The whole chain reuses the memory and structured-output stack already paid for by the per-beat decision; it adds zero new per-beat LLM calls. That’s the architectural flex: the most emotionally loaded behavior in the system is the cheapest.

Cost and safety as a first-class layer

A public agent demo on the owner’s API key is a liability before it’s a feature — the reference horror is a runaway public agent that billed seven figures in a month. So the guardrails are not an afterthought, they’re in the code from commit one:

  • Per-instance rate limit + per-process spend ceiling, on the module scope of each serverless function so they survive across requests on a warm instance. /api/decide caps at 120 req/min and an ~$8 estimated-spend ceiling; /api/converse keeps its own separate, smaller budget so the two can never cannibalize each other.
  • BYOK split. Bring-your-own-key callers are metered on a separate, looser counter and skip the owner’s spend ceiling — they bill their own key, so a stranger on the public key can never consume a BYOK caller’s headroom, and vice-versa.
  • Cheap tier by default. Routine beats run a genuinely cheap model (gpt-4o-mini, or Haiku as a config swap), with a documented per-call cost estimate (~400 in / 60 out tokens) driving the ceiling math. Flagship is reserved for dramatic beats.
  • Cacheable prompts. The system prompt is kept byte-stable — persona is the only interpolation, all volatile per-beat data lives in the user message — so the provider’s prompt cache can hit. The conversation endpoint freezes its system prompt entirely and parses a small JSON out of generateText specifically to dodge a tool-calling cache-invalidation quirk.
  • Code-side output screening. Even authored dialogue is validated deterministically before it reaches the screen — no digits (reads as coordinates), no names outside the speaking pair, length caps, no mention of gods or “outside controllers.” Any violation rejects the whole transcript and the Sim falls back to templates. The model is never trusted to be in-character; it’s checked for it.
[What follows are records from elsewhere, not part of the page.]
lemma norm_block_wave_sum_le:
  fixes N m L :: nat and g :: "real \<Rightarrow> complex" and I I' :: "real \<Rightarrow> real"
  assumes I_deriv: "\<And>u. u \<in> {a..b} \<Longrightarrow> (I has_real_derivative I' u) (at u within {a..b})"
    and N: "0 < N" and L: "0 < L"
    and block: "\<And>r. r < L \<Longrightarrow> real (m + r) / real N \<in> {a..b}"
    and g_bound: "\<And>t. t \<in> {a..b} \<Longrightarrow> cmod (g t) \<le> G"
    and I'_close: "\<And>s t. s \<in> {a..b} \<Longrightarrow> t \<in> {a..b} \<Longrightarrow> \<bar>s - t\<bar> < real L / real N \<Longrightarrow> \<bar>I' s - I' t\<bar> \<le> \<eta>"
    and g_close: "\<And>s t. s \<in> {a..b} \<Longrightarrow> t \<in> {a..b} \<Longrightarrow> \<bar>s - t\<bar> < real L / real N \<Longrightarrow> cmod (g s - g t) \<le> \<gamma>"
  shows "cmod (\<Sum>r<L. wave_sample I g N (m + r))
         \<le> G * cmod (\<Sum>r<L. exp (\<i> * of_real (I' (real m / real N))) ^ r) + real L * (G * \<eta> * real L + \<gamma>)"
proof -
  define t where "t = real m / real N"
  define z where "z = exp (\<i> * of_real (I' t))"
  have t_in: "t \<in> {a..b}" using block[of 0] L unfolding t_def by simp
  have G: "0 \<le> G" using g_bound[OF t_in] norm_ge_zero order_trans by blast
  have \<eta>: "0 \<le> \<eta>" using I'_close[OF t_in t_in] N L by simp
  have sample_err: "cmod (wave_sample I g N (m + r) - wave_sample I g N m * z ^ r) \<le> G * \<eta> * real L + \<gamma>"
    if r: "r < L" for r
  proof -
    define s where "s = real (m + r) / real N"
    have s_in: "s \<in> {a..b}" using block[OF r] unfolding s_def .
    have r_eq: "real r = real N * (s - t)" unfolding s_def t_def using N by (simp add: field_simps)
    then have "s - t = real r / real N" using N by (simp add: field_simps)
    then have "\<bar>s - t\<bar> = real r / real N" by simp
    then have st: "\<bar>s - t\<bar> < real L / real N" using N r by (simp add: divide_strict_right_mono)
    have "cmod (wave_sample I g N (m + r) - wave_sample I g N m * z ^ r) \<le> G * \<eta> * real r + \<gamma>"
      unfolding wave_sample_def z_def s_def[symmetric] t_def[symmetric]
    proof (rule norm_wave_linearization_le[OF I_deriv t_in s_in _ r_eq])
      show "\<bar>I' u - I' t\<bar> \<le> \<eta>" if "u \<in> {a..b}" "\<bar>u - t\<bar> \<le> \<bar>s - t\<bar>" for u
        using I'_close[OF that(1) t_in] that(2) st by linarith
    qed (use N g_bound[OF s_in] g_close[OF s_in t_in st] in auto)
    also have "\<dots> \<le> G * \<eta> * real L + \<gamma>" using r G \<eta> by (simp add: mult_left_mono)
    finally show ?thesis .
  qed
  have "(\<Sum>r<L. wave_sample I g N (m + r))
      = wave_sample I g N m * (\<Sum>r<L. z ^ r) + (\<Sum>r<L. wave_sample I g N (m + r) - wave_sample I g N m * z ^ r)"
    by (simp add: sum_distrib_left sum_subtractf)
  also have "cmod \<dots> \<le> G * cmod (\<Sum>r<L. z ^ r) + (\<Sum>r<L. G * \<eta> * real L + \<gamma>)"
    using g_bound[OF t_in] sample_err unfolding t_def
    by (intro order.trans[OF norm_triangle_ineq add_mono] order.trans[OF norm_sum sum_mono])
       (auto simp: norm_mult mult_right_mono)
  finally show ?thesis unfolding z_def t_def by simp
qed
Provider-agnostic by construction

Every model call is a provider-agnostic structured output: Vercel AI SDK + Zod schema, retry-on-invalid, with @ai-sdk/anthropic and @ai-sdk/openai behind one resolveModel(). Swapping Claude ↔ OpenAI is a config change, not a rewrite — and because the contract is “one typed intent in a Zod schema,” you can genuinely run different agents on different providers in the same world. The decision shape is the interface; the model is a swappable backend.

Honest status

This is an early prototype, and I scope it that way: the bigger ambitions — richer religion crystallization, Girardian scapegoating, an autonomous Director, full ecology — are deliberately later work. But the deployed prototype is real and runs unattended: a procedural island, twenty agents surviving with needs · fire · monsters · taming · building, a deterministic brain that’s watchable with zero API spend, an optional rationed LLM layer, and the belief/rumor/myth modules built and unit-tested. The discipline is the same one I hold everywhere — keep the deterministic core honest and reproducible, and let the LLM be the smallest, most-rationed, most-replaceable part of the machine.

Stack

TypeScript · three.js · simplex-noise · Vite · Vercel AI SDK · Zod · @ai-sdk/openai + @ai-sdk/anthropic · structured-output (one typed intent per beat) · deterministic seedable Sim · memory stream with recency·importance·relevance retrieval · trust-gated rumor model · seeded myth-name grammar · per-instance rate-limit + spend-ceiling guardrails · Vercel serverless functions.